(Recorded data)
———

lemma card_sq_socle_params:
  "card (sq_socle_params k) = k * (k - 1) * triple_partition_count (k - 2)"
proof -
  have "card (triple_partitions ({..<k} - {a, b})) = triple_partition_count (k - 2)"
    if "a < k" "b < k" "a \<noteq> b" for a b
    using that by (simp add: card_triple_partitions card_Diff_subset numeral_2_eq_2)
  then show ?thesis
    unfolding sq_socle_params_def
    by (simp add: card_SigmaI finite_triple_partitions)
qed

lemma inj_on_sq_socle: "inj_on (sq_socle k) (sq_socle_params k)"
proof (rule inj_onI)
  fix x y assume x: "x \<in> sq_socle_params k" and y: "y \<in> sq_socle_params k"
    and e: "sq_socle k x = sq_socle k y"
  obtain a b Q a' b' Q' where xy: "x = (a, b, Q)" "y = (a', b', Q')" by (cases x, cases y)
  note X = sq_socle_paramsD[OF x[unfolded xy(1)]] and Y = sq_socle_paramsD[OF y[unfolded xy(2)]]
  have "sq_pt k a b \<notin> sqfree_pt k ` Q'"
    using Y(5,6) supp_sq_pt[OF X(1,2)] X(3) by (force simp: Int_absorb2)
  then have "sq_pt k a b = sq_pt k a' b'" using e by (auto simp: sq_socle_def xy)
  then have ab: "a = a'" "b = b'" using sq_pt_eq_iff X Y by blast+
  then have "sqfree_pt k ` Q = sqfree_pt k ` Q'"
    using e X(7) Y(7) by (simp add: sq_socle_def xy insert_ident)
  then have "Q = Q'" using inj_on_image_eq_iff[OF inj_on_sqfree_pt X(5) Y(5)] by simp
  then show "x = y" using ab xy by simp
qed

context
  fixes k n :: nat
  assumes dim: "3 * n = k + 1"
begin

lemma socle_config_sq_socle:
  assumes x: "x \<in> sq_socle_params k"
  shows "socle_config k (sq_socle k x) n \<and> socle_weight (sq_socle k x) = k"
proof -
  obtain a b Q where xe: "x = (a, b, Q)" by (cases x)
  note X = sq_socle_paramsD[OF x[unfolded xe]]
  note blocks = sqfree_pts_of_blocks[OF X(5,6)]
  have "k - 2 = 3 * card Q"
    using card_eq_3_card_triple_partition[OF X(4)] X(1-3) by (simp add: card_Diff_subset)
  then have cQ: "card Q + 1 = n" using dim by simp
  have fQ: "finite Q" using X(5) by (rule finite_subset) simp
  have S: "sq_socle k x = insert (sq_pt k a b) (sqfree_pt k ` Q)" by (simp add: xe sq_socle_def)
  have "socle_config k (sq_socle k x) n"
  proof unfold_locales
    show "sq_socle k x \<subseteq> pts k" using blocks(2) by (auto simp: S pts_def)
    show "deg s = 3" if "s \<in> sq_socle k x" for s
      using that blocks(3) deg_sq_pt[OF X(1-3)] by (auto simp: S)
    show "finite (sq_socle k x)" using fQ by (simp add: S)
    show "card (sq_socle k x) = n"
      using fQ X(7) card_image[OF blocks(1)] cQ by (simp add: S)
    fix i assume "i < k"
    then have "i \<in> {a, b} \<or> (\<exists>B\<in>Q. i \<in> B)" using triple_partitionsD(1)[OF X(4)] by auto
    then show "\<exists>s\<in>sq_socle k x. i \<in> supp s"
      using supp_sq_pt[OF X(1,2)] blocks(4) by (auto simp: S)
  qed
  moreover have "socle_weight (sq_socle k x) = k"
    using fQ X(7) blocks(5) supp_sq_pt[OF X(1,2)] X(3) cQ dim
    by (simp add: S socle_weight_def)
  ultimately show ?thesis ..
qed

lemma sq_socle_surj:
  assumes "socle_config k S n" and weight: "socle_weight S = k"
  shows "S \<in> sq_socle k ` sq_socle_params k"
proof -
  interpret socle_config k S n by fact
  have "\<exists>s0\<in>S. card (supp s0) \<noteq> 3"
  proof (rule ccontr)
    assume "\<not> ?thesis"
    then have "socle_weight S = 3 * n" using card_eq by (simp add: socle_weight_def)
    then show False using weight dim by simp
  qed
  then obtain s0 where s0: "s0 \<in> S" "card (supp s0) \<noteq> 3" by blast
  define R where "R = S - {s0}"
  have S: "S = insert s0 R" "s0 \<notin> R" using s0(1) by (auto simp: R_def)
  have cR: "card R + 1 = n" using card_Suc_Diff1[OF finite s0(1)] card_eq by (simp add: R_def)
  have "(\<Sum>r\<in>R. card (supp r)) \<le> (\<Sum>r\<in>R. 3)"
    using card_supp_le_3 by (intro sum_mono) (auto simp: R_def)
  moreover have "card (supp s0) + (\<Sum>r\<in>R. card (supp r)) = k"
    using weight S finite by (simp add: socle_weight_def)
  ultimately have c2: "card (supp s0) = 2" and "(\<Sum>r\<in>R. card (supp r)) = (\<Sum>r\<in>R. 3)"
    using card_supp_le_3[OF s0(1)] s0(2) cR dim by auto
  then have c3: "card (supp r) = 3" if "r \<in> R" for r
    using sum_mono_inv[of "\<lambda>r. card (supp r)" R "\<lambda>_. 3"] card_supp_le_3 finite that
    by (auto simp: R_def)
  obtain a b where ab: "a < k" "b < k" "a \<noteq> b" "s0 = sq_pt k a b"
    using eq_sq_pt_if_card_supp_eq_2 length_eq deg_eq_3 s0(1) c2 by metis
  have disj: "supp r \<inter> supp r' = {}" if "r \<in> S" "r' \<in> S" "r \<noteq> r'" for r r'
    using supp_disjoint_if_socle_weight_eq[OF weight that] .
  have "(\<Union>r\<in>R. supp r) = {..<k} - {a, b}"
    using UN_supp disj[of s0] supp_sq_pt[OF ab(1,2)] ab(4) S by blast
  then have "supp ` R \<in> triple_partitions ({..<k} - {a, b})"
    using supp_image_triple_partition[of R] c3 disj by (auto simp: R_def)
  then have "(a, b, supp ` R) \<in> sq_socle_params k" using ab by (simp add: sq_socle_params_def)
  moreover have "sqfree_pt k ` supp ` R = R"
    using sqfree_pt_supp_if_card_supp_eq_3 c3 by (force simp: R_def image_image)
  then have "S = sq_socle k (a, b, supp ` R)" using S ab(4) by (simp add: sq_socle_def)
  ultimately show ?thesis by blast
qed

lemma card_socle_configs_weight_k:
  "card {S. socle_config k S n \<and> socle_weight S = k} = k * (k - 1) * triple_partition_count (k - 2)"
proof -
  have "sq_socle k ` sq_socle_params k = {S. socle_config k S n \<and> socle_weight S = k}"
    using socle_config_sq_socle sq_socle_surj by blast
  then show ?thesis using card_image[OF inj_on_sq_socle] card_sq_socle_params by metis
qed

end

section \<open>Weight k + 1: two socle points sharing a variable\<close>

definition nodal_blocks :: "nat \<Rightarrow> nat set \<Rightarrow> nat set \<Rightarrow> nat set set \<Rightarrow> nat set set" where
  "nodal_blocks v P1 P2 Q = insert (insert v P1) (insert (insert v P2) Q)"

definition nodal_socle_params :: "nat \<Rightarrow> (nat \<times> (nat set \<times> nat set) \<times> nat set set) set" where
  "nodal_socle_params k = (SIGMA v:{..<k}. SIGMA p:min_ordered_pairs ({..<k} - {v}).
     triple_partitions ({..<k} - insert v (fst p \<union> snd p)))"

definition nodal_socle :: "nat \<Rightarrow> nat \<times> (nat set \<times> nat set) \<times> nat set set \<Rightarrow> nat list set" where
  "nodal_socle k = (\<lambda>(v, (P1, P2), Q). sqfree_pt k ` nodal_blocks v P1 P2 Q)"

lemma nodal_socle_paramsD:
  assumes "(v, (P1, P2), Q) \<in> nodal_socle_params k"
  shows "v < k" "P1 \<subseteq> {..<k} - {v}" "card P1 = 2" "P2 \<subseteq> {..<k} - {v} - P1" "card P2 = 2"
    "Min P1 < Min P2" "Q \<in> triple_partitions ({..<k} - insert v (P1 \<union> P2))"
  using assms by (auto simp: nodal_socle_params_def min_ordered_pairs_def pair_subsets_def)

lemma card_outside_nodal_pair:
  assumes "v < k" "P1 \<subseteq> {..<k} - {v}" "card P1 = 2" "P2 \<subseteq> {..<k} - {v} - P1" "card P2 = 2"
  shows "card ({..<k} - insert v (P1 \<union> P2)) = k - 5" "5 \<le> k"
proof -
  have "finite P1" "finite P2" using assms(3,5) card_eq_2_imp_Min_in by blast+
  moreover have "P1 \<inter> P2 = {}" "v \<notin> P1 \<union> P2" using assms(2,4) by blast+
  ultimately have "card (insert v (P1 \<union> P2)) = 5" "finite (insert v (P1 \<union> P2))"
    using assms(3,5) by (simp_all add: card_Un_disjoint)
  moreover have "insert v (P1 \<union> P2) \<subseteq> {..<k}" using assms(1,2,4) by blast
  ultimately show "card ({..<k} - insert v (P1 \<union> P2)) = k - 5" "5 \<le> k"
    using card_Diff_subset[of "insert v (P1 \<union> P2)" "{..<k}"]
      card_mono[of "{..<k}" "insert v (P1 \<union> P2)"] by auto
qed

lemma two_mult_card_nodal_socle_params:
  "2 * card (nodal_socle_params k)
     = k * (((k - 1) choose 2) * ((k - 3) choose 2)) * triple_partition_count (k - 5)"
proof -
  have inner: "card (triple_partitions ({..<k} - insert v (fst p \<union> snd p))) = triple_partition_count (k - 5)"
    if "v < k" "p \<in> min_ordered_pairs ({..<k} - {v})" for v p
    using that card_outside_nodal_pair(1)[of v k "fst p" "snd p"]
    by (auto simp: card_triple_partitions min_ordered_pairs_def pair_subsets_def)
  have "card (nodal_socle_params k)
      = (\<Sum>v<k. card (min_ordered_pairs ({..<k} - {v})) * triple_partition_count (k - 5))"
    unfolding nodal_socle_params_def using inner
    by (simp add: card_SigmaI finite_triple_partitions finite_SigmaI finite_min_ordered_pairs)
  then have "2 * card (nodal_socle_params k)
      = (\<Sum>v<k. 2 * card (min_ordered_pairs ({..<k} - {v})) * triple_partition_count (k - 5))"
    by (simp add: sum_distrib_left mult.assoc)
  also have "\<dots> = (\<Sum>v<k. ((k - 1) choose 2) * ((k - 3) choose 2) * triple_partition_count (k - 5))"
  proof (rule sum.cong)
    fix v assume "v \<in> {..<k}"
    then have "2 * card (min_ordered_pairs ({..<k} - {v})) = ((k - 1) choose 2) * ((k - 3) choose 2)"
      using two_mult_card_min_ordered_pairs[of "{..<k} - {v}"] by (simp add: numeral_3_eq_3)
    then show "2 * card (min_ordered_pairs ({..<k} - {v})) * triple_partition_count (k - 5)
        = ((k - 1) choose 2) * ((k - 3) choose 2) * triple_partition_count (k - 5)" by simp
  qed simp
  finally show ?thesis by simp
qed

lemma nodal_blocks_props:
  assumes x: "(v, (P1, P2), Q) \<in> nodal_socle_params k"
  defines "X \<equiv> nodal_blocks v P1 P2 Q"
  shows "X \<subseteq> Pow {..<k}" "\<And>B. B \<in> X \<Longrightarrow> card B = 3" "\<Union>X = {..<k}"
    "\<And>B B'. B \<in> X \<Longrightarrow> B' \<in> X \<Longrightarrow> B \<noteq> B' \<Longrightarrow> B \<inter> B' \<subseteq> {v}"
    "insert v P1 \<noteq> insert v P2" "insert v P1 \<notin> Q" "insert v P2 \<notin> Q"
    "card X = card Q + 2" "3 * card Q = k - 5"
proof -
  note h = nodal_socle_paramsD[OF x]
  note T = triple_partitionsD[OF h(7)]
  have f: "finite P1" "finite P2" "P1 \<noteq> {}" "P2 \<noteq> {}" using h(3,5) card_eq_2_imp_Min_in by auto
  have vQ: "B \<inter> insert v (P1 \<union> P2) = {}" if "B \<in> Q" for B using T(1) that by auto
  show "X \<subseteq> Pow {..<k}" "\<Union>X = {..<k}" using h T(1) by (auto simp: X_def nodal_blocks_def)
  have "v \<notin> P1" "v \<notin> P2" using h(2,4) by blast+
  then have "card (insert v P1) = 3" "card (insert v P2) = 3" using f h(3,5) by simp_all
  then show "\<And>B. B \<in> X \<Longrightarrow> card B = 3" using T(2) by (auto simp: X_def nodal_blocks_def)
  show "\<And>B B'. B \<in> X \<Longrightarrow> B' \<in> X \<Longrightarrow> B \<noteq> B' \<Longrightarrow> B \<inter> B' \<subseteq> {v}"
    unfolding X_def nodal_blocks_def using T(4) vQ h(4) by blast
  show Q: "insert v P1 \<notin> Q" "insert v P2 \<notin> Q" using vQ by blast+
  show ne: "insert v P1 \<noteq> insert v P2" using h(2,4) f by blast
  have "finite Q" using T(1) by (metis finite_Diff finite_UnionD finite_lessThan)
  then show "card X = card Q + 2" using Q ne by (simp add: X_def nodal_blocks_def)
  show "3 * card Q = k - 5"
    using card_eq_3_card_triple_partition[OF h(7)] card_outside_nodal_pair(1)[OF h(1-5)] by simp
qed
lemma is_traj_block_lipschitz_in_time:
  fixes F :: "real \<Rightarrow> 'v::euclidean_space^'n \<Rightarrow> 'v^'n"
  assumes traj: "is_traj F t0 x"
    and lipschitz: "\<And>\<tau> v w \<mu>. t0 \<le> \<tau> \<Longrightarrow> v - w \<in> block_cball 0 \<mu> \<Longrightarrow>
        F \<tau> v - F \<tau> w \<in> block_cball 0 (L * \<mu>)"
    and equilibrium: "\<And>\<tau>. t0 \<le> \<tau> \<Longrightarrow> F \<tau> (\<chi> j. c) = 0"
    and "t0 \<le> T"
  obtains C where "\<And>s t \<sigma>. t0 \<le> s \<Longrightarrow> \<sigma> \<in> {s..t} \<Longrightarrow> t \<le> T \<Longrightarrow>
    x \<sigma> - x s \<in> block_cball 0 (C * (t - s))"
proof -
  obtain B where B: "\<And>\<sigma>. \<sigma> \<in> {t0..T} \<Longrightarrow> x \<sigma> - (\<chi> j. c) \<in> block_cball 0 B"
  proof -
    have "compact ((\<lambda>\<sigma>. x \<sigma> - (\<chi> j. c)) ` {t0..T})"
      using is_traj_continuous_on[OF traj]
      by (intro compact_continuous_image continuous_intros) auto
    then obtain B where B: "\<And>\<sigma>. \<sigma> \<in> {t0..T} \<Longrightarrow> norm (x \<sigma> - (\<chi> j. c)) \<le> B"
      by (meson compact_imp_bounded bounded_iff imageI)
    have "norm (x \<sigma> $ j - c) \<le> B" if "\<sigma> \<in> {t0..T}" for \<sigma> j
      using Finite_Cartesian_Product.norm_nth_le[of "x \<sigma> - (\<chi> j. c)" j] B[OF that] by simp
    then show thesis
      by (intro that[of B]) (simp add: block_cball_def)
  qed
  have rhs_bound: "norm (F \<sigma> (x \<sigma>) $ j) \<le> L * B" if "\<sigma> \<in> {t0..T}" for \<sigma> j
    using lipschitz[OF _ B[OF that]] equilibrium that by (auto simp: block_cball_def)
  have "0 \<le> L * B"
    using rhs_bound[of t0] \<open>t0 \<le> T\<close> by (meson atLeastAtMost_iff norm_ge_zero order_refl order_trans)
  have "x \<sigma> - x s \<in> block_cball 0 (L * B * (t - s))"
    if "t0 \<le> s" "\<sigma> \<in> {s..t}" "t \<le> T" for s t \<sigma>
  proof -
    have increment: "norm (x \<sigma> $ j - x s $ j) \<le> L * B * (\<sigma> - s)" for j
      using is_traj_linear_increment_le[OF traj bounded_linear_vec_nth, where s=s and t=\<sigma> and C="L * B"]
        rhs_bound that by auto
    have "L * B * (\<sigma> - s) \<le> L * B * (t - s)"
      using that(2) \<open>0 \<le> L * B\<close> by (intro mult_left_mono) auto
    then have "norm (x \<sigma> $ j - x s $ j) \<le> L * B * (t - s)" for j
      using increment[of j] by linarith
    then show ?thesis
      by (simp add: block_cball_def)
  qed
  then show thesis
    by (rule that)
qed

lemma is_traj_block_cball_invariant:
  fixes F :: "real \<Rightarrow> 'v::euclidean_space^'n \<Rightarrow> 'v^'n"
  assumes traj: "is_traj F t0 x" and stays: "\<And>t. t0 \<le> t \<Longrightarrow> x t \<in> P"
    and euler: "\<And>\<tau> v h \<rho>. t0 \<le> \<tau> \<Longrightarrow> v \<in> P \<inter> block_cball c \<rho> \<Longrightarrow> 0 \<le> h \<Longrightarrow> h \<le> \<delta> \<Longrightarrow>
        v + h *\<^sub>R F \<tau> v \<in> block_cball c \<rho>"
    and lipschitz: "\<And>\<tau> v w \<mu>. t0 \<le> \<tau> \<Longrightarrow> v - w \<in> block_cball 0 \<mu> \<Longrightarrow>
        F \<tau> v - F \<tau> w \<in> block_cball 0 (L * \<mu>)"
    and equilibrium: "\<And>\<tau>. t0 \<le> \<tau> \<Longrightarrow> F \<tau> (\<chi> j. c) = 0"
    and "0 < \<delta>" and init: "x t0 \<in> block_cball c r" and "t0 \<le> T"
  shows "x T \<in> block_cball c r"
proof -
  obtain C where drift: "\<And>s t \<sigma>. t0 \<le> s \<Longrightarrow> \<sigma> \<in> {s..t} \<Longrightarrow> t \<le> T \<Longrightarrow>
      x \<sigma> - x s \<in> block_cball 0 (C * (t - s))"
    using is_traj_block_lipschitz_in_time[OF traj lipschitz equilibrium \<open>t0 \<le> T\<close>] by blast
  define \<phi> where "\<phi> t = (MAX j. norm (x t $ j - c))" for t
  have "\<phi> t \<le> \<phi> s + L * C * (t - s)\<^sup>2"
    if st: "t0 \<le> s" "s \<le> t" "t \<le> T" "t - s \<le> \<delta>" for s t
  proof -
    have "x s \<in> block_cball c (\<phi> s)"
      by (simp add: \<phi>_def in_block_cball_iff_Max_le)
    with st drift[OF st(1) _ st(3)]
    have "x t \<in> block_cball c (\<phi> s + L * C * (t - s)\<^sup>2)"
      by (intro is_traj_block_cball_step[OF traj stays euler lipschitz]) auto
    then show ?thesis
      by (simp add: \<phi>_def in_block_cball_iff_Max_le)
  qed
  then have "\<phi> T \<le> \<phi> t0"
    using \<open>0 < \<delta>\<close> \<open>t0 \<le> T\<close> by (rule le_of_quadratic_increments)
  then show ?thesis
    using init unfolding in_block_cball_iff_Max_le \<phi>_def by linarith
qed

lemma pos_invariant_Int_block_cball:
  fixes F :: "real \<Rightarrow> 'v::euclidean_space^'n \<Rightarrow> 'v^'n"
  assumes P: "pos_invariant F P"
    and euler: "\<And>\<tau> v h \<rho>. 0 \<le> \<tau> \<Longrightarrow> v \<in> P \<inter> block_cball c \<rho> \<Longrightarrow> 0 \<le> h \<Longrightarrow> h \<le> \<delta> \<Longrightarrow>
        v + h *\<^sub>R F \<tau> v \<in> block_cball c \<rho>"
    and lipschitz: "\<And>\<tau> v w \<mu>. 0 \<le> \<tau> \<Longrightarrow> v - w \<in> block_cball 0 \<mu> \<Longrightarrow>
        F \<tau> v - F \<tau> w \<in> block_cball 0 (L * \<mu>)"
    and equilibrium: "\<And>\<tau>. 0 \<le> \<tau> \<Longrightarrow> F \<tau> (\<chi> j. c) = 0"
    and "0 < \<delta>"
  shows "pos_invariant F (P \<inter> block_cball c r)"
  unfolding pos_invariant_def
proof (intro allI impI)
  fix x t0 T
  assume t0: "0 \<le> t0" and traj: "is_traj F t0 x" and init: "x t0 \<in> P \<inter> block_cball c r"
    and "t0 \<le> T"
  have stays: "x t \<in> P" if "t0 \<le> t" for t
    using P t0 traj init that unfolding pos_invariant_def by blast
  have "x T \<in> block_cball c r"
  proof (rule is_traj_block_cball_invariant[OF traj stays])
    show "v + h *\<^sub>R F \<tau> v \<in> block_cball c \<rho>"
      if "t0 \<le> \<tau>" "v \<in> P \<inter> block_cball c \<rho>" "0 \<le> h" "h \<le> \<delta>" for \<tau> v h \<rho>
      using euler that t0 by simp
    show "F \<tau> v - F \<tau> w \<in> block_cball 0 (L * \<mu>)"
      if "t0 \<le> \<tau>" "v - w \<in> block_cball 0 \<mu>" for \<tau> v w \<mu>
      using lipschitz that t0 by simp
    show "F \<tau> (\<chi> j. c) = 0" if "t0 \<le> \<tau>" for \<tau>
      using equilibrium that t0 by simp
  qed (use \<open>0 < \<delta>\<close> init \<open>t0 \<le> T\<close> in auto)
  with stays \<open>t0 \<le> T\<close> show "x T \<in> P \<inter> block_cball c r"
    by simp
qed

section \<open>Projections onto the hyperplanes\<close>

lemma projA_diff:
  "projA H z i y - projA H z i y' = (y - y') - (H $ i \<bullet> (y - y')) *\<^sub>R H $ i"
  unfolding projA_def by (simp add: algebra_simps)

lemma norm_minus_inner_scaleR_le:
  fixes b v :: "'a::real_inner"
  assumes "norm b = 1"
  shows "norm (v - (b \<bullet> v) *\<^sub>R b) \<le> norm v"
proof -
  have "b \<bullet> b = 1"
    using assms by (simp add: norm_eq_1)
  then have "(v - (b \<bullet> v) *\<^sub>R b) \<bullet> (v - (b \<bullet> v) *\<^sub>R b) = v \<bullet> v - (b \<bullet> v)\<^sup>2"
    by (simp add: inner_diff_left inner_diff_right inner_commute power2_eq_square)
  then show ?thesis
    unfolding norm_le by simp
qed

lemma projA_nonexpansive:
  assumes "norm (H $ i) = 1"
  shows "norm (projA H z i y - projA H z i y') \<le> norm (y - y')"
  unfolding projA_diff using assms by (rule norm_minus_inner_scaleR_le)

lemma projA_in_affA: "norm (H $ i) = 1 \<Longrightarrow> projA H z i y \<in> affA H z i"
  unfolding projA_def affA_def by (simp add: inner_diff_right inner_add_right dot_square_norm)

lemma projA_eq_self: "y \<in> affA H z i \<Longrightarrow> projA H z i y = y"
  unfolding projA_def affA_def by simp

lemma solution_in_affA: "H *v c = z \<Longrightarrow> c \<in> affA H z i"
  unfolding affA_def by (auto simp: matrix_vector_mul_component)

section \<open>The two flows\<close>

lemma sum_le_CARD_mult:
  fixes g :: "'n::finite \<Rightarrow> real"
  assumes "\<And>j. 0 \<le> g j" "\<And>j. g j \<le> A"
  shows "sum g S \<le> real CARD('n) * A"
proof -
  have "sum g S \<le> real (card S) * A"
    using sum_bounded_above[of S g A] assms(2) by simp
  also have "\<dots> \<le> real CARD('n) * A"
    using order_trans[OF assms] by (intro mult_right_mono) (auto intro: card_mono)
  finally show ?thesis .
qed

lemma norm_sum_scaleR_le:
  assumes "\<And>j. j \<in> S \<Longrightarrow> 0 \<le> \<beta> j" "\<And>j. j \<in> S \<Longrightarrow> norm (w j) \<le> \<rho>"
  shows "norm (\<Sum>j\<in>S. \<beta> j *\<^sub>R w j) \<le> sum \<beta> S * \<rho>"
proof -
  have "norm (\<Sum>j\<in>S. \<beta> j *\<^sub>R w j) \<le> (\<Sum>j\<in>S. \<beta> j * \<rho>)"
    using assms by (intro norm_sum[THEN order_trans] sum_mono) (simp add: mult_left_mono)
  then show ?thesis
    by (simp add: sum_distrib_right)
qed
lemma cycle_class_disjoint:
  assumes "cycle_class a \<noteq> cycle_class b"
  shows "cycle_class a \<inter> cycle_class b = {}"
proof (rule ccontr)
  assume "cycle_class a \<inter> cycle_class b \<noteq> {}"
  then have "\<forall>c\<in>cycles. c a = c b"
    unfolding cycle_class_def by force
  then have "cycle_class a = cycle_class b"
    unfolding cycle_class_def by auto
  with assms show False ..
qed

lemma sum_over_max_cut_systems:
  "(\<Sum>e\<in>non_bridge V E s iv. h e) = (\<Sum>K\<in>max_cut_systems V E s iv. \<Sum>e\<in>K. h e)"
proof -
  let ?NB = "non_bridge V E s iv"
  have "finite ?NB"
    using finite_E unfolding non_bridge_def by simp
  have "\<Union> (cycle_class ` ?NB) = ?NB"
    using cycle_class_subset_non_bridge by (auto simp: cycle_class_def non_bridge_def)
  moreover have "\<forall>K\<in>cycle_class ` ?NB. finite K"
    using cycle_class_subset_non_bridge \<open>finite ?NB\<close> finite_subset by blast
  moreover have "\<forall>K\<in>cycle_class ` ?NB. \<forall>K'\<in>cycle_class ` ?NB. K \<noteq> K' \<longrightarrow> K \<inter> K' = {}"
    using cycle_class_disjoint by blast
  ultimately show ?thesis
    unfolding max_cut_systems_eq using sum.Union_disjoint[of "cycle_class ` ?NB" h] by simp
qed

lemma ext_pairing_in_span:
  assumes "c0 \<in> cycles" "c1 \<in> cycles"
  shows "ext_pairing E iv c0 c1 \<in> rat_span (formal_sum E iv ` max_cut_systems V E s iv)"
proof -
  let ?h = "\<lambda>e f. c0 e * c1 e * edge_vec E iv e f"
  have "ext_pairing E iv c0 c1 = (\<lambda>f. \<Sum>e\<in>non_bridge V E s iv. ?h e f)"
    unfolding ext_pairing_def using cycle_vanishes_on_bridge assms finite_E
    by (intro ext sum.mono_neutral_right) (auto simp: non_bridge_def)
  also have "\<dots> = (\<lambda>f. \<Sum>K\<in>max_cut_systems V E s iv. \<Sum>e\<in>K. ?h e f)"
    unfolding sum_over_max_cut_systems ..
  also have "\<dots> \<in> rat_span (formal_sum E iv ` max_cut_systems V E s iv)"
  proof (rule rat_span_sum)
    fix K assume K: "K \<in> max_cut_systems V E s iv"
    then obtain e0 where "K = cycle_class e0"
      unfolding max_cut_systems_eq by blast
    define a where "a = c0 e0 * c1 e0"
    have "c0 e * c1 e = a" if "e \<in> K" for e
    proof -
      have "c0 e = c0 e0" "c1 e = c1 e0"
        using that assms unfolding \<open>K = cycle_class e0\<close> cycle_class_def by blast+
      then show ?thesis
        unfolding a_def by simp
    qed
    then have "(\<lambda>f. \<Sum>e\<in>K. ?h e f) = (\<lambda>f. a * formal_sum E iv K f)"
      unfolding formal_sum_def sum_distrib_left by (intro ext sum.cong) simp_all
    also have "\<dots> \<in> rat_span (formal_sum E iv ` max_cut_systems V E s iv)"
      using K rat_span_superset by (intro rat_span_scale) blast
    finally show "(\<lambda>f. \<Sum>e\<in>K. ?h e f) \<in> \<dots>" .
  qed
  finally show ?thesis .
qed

———

From the records above, copy only the lines starting with the line that holds "note T = triple_partitionsD[OF h(7)]" and going on through the line that holds "T(2) by (auto simp: X_def nodal_blocks_def)", exactly as written.

  note T = triple_partitionsD[OF h(7)]
  have f: "finite P1" "finite P2" "P1 \<noteq> {}" "P2 \<noteq> {}" using h(3,5) card_eq_2_imp_Min_in by auto
  have vQ: "B \<inter> insert v (P1 \<union> P2) = {}" if "B \<in> Q" for B using T(1) that by auto
  show "X \<subseteq> Pow {..<k}" "\<Union>X = {..<k}" using h T(1) by (auto simp: X_def nodal_blocks_def)
  have "v \<notin> P1" "v \<notin> P2" using h(2,4) by blast+
  then have "card (insert v P1) = 3" "card (insert v P2) = 3" using f h(3,5) by simp_all
  then show "\<And>B. B \<in> X \<Longrightarrow> card B = 3" using T(2) by (auto simp: X_def nodal_blocks_def)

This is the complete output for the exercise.